On Sat, Jun 15, 2019 at 3:49 PM David Bodin <address@hidden> wrote:
> Hello wget community,
>
> *Goal*
> My goal is to download a single webpage to be fully functional offline in
> the same time it takes a browser to request and show the page.
>
> *Problem*
> The following command downloads a page and makes it fully functional
> offline, but it takes approximately 35 seconds where the browser requests
> and shows the page in about 5 seconds. Can someone please help me
> understand why my *wget* command is taking *so much longer* and how I can
> make it faster? Or is there any locations or chat groups where I can seek
> help? Sincere thanks in advance for any help anyone can provide.
>
> *wget --page-requisites --span-hosts --convert-links --adjust-extension
> --execute robots=off --user-agent Mozilla --random-wait
> https://www.invisionapp.com/inside-design/essential-steps-designing-empathy/
> <https://www.invisionapp.com/inside-design/essential-steps-designing-empathy/>*
>
> *More info & attempted solutions*
>
> 1. I removed '*--random-wait*' because I thought it might be adding
> time for each file request, but this did nothing.
> 2. I thought the https protocol might slow it down with extra calls
> back and forth for each file so I added '*--no-check-certificate*',
> but this did nothing.
> 3. I read there could be an issue with IPv6 so I added '*--inet4-only*',
> but this did nothing.
> 4. I read the dns could slow things down so I added '*--no-dns-cache*',
> but this did nothing.
> 5. I thought perhaps *wget* was downloading the assets sequentially
> one at a time so I tried to run multiple commands concurrently with between
> 3 and 16 threads/processes by removing '*--convert-links*' adding '
> *--no-clobber*' in the hopes that with multiple files would be
> downloaded at the same time and after all files were downloaded that I
> could run the command again removing '*--no-clobber*' and '
> *--page-requisites*' and adding '*--convert-links*' to make it fully
> functional offline. but this did nothing.
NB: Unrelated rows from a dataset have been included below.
lemma span2_eq_if_mem:
  assumes "v1 \<in> span2 u w" "v2 \<in> span2 u w" "lin_indep2 v1 v2"
  shows "span2 v1 v2 = span2 u w"
proof -
  obtain a b c d where v: "v1 = vadd (vscale a u) (vscale b w)" "v2 = vadd (vscale c u) (vscale d w)"
    using assms(1,2) unfolding span2_def by blast
  have det: "a * d - b * c \<noteq> 0" using assms(3) unfolding v by (rule lincomb_det_neq_0)
  show ?thesis
  proof
    show "span2 v1 v2 \<subseteq> span2 u w"
    proof
      fix x assume "x \<in> span2 v1 v2"
      then obtain s t where "x = vadd (vscale s v1) (vscale t v2)" unfolding span2_def by blast
      then have "x = vadd (vscale (s * a + t * c) u) (vscale (s * b + t * d) w)"
        unfolding v by (cases u, cases w) (simp add: algebra_simps)
      then show "x \<in> span2 u w" unfolding span2_def by blast
    qed
  next
    show "span2 u w \<subseteq> span2 v1 v2"
    proof
      fix x assume "x \<in> span2 u w"
      then obtain s t where x: "x = vadd (vscale s u) (vscale t w)" unfolding span2_def by blast
      have cramer: "s * p + t * r = (s * d - t * c) / (a * d - b * c) * (a * p + b * r)
          + (t * a - s * b) / (a * d - b * c) * (c * p + d * r)" for p r
      proof -
        have "(s * d - t * c) * (a * p + b * r) + (t * a - s * b) * (c * p + d * r)
            = (s * p + t * r) * (a * d - b * c)"
          by (simp add: algebra_simps)
        then show ?thesis using det by (simp add: add_divide_distrib[symmetric])
      qed
      then have "x = vadd (vscale ((s * d - t * c) / (a * d - b * c)) v1)
                          (vscale ((t * a - s * b) / (a * d - b * c)) v2)"
        unfolding v x by (cases u, cases w) simp
      then show "x \<in> span2 v1 v2" unfolding span2_def by blast
    qed
  qed
qed

lemma span1_vscale:
  assumes "s \<noteq> 0"
  shows "span1 (vscale s v) = span1 v"
proof
  show "span1 (vscale s v) \<subseteq> span1 v" unfolding span1_def by (auto simp: vscale_vscale)
  show "span1 v \<subseteq> span1 (vscale s v)"
  proof
    fix x assume "x \<in> span1 v"
    then obtain r where "x = vscale r v" unfolding span1_def by blast
    then have "x = vscale (r / s) (vscale s v)" using assms by (simp add: vscale_vscale)
    then show "x \<in> span1 (vscale s v)" unfolding span1_def by blast
  qed
qed

lemma span1_neq_if_lin_indep2:
  assumes "lin_indep2 v1 v2"
  shows "span1 v1 \<noteq> span1 v2"
proof
  assume "span1 v1 = span1 v2"
  then obtain s where "v1 = vscale s v2" using mem_span1_self[of v1] unfolding span1_def by auto
  then have "vadd (vscale 1 v1) (vscale (- s) v2) = (0, 0, 0)" by (cases v2) simp
  then show False using assms unfolding lin_indep2_def by fastforce
qed

lemma lin_indep2_if_span1_neq:
  assumes "span1 v1 \<noteq> span1 v2" "v1 \<noteq> (0, 0, 0)" "v2 \<noteq> (0, 0, 0)"
  shows "lin_indep2 v1 v2"
  unfolding lin_indep2_def
proof (intro allI impI)
  fix s t assume dep: "vadd (vscale s v1) (vscale t v2) = (0, 0, 0)"
  show "s = 0 \<and> t = 0"
  proof (cases "s = 0")
    case True
    then show ?thesis using dep assms(3) by (cases v1, cases v2) auto
  next
    case False
    then have v1: "v1 = vscale (- t / s) v2"
      using dep by (cases v1, cases v2) (auto simp: field_simps add_eq_0_iff)
    then have "t \<noteq> 0" using assms(2) by (auto simp: vscale_eq_0_iff)
    then have "span1 v1 = span1 v2" unfolding v1 using False by (simp add: span1_vscale)
    then show ?thesis using assms(1) by simp
  qed
qed

lemma pg_line_eq_if_two_common_points:
  assumes "L \<in> pg_lines" "M \<in> pg_lines" "P \<in> pg_points" "Q \<in> pg_points" "P \<noteq> Q"
    and "P \<subseteq> L" "Q \<subseteq> L" "P \<subseteq> M" "Q \<subseteq> M"
  shows "L = M"
proof -
  obtain v1 v2 where P: "P = span1 v1" "v1 \<noteq> (0, 0, 0)" and Q: "Q = span1 v2" "v2 \<noteq> (0, 0, 0)"
    using assms(3,4) unfolding pg_points_eq by blast
  have indep: "lin_indep2 v1 v2"
    using assms(5) P Q by (intro lin_indep2_if_span1_neq) auto
  have on_span: "N = span2 v1 v2" if "N \<in> pg_lines" "P \<subseteq> N" "Q \<subseteq> N" for N
  proof -
    obtain u w where N: "N = span2 u w" using \<open>N \<in> pg_lines\<close> unfolding pg_lines_eq by blast
    have "v1 \<in> span2 u w" "v2 \<in> span2 u w"
      using that(2,3) unfolding P(1) Q(1) N span1_subset_span2_iff by simp_all
    then show ?thesis unfolding N using indep by (metis span2_eq_if_mem)
  qed
  show ?thesis using on_span[OF assms(1,6,7)] on_span[OF assms(2,8,9)] by simp
qed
I also thought that multiple
> threads would speed things up because it would remove the latency of the
> https checks by doing multiple at a time, but I didn't observe this.
> 6. I read an article about running the command as root user in case
> there were any limits on a given user, but this did nothing.
>
> Sincere thanks in advance, again,
> Dave
>